Although I'm not completely sure it was allowed to climb up to the top, there were a number of people who had done so. However, all the entrances were barred up, with only a hole in one of the sets of bars giving access. So I think it was illicit entry. I still went up. Hey, what's good for some should be good for all, I say. At the top the view was really very nice.


Next to the pyramidal structure was the mosque. The walls had fallen down at some point, but it was still a functioning space and I noticed a number of people doing some kind of prayers before the wall facing to Mecca.

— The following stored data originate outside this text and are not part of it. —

text \<open>For odd \<open>\<kappa>\<close> the slices below \<open>c\<close> are run through in decreasing order, since each of
  them ends at the comb starting one step further left.\<close>
lemma descend:
  assumes "odd \<kappa>" "0 < c" "at_comb L c (c - 1)" "\<forall>c'<c. slice c' \<inter> set L = {}"
  shows "\<exists>L'. reaches S L L' \<and> at_comb L' 0 0 \<and> set L' = set L \<union> (\<Union>c'<c. slice c')"
  using assms(2-)
proof (induction c arbitrary: L)
  case (Suc c0)
  have c0M: "c0 \<le> M" using Suc.prems(2) unfolding at_comb_def by simp
  have H: "set L \<inter> slice c0 = {}" using Suc.prems(3) by (simp add: Int_commute)
  have "comb_word c0 c0 \<notin> set L" using H comb_word_in_slice[OF le_refl c0M] by blast
  then have "c0 \<in> targets L (Suc c0) c0" using c0M unfolding targets_def by simp
  moreover have "Min (targets L (Suc c0) c0) = c0"
    using calculation by (rule Min_targets_eqI) (simp add: targets_def)
  ultimately obtain L2 where L2: "reaches S L L2" "set L2 = set L \<union> slice c0"
    "at_comb L2 c0 (prefix_end c0 c0)"
    using jump_to_slice[OF _ _ H] Suc.prems(2) by (metis diff_Suc_1 empty_iff)
  have pe: "prefix_end c0 c0 = c0 - 1"
    using assms(1) unfolding prefix_end_def comb_end_def by (cases c0) auto
  show ?case
  proof (cases "c0 = 0")
    case True
    then show ?thesis using L2 pe by (intro exI[of _ L2]) auto
  next
    case False
    have "slice c' \<inter> set L2 = {}" if "c' < c0" for c'
    proof -
      have "slice c' \<inter> set L = {}" "slice c' \<inter> slice c0 = {}"
        using Suc.prems(3) slice_disjoint c0M that by auto
      then show ?thesis unfolding L2(2) by blast
    qed
    then obtain L' where "reaches S L2 L'" "at_comb L' 0 0" "set L' = set L2 \<union> (\<Union>c'<c0. slice c')"
      using Suc.IH[of L2] False L2(3) pe by auto
    moreover have "set L2 \<union> (\<Union>c'<c0. slice c') = set L \<union> (\<Union>c'<Suc c0. slice c')"
      using L2(2) by (auto simp: lessThan_Suc)
    ultimately show ?thesis using reaches_trans[OF L2(1)] by metis
  qed
qed simp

After that little corner had been investigated I headed into the lawn area where there was a large well. This is where I bumped into the two guards/caretakers again. The well had been fenced off with gates, that were closed, at the entrances. But the guards beckoned me forward and opened it up and then invited me in. My heart sank a bit because I was sure this was going to cost me. And I was really getting short on money if I was going to make it to the next day without having to go to a bank again. But they were also so insistent that I couldn't quite figure out a good way to refuse. So I went in. One of them explained to me the reason why it was fenced off. The well is quite deep, 50 meters or something like that. There are no fences keeping people from the edge of the well, and I was told that 3 children had fallen in at some point and drowned in the well. I could understand why it was off-limits. And yet it was also really interesting inside. I liked looking around at the structure of this enormous well.


After they showed it to me, we left. I started walking towards the entrance, fully intending to not make a big deal of anything. And I was also going to pretend that I had no idea of what might be expected of me, in terms of a monetary thank for being allowed into the well. They never said anything either, and I don't know if it was because they were embarrassed to have to make it clear, whether it was the other couple who wandered into the well after us, who were Indian, and who didn't offer any monetary thank you, or whether they were just being friendly and I had once again been overly suspicious. In any case, I left the citadel without having to pay anything else for the experience. And it made up for the rude treatment at the Jama Masjid mosque. It put a nice little cap on my last day in Delhi and left a good impression of India to leave the country with.

So I went and had my last big meal in India, or Indian food and went back to my hotel to prepare for my flight to Egypt the next day.